◆ EXERCISE OBJECTIVE:
Lines from the top of the entries through the line that has "A \<Longrightarrow> 0 \<le> f" must be duplicated exactly, and no others.

◆ Records from a dataset:
************

lemma density_on_weighted_integral:
  assumes f: "density_on A f" and A: "A \<in> sets lborel" and w: "w \<in> borel_measurable lborel"
    and w_bounds: "\<And>x. x \<in> A \<Longrightarrow> 0 \<le> w x \<and> w x \<le> 1"
  shows "set_integrable lborel A (\<lambda>x. f x * w x)"
    and "0 \<le> (LINT x:A|lborel. f x * w x)"
    and "(LINT x:A|lborel. f x * w x) \<le> 1"
proof -
  have f_meas: "f \<in> borel_measurable lborel" and f_int: "set_integrable lborel A f"
    and f_nonneg: "\<And>x. x \<in> A \<Longrightarrow> 0 \<le> f x" and f_total: "(LINT x:A|lborel. f x) = 1"
    using f unfolding density_on_def by auto
  show fw_int: "set_integrable lborel A (\<lambda>x. f x * w x)"
  proof (rule set_integrable_bound[OF f_int])
    show "set_borel_measurable lborel A (\<lambda>x. f x * w x)"
      unfolding set_borel_measurable_def using f_meas w A by measurable
    show "AE x in lborel. x \<in> A \<longrightarrow> norm (f x * w x) \<le> norm (f x)"
      using w_bounds by (auto simp: abs_mult intro!: mult_left_le)
  qed
  have "(LINT x:A|lborel. (0::real)) \<le> (LINT x:A|lborel. f x * w x)"
    using fw_int f_nonneg w_bounds by (intro set_integral_mono') auto
  then show "0 \<le> (LINT x:A|lborel. f x * w x)" by simp
  have "(LINT x:A|lborel. f x * w x) \<le> (LINT x:A|lborel. f x)"
    using f_int f_nonneg w_bounds by (intro set_integral_mono') (auto intro: mult_left_le)
  then show "(LINT x:A|lborel. f x * w x) \<le> 1" using f_total by simp
qed

lemma expect_decay_eq_mult:
  "expect_decay t0 h1 h2 \<mu>v \<mu> f1 f2
     = (LINT u:{t0..h2}|lborel. f2 u * exp (- \<mu> * u)) * (LINT s:{t0..h1}|lborel. f1 s * exp (- \<mu>v * s))"
proof -
  have "(\<lambda>s. exp (- \<mu>v * s - \<mu> * u) * f2 u * f1 s)
      = (\<lambda>s. (f2 u * exp (- \<mu> * u)) * (f1 s * exp (- \<mu>v * s)))" for u
    by (simp add: exp_diff exp_minus field_simps)
  then show ?thesis
    unfolding expect_decay_def set_integral_mult_right set_integral_mult_left by simp
qed

lemma density_on_laplace:
  assumes "density_on {t0..h} f" "0 \<le> t0" "0 \<le> \<mu>"
  shows "set_integrable lborel {t0..h} (\<lambda>s. f s * exp (- \<mu> * s))"
    and "0 \<le> (LINT s:{t0..h}|lborel. f s * exp (- \<mu> * s))"
    and "(LINT s:{t0..h}|lborel. f s * exp (- \<mu> * s)) \<le> 1"
  using density_on_weighted_integral[OF assms(1), of "\<lambda>s. exp (- \<mu> * s)"] assms(2,3)
  by auto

************

◆ RESPONSE AREA:
lemma density_on_weighted_integral:
  assumes f: "density_on A f" and A: "A \<in> sets lborel" and w: "w \<in> borel_measurable lborel"
    and w_bounds: "\<And>x. x \<in> A \<Longrightarrow> 0 \<le> w x \<and> w x \<le> 1"
  shows "set_integrable lborel A (\<lambda>x. f x * w x)"
    and "0 \<le> (LINT x:A|lborel. f x * w x)"
    and "(LINT x:A|lborel. f x * w x) \<le> 1"
proof -
  have f_meas: "f \<in> borel_measurable lborel" and f_int: "set_integrable lborel A f"
    and f_nonneg: "\<And>x. x \<in> A \<Longrightarrow> 0 \<le> f x" and f_total: "(LINT x:A|lborel. f x) = 1"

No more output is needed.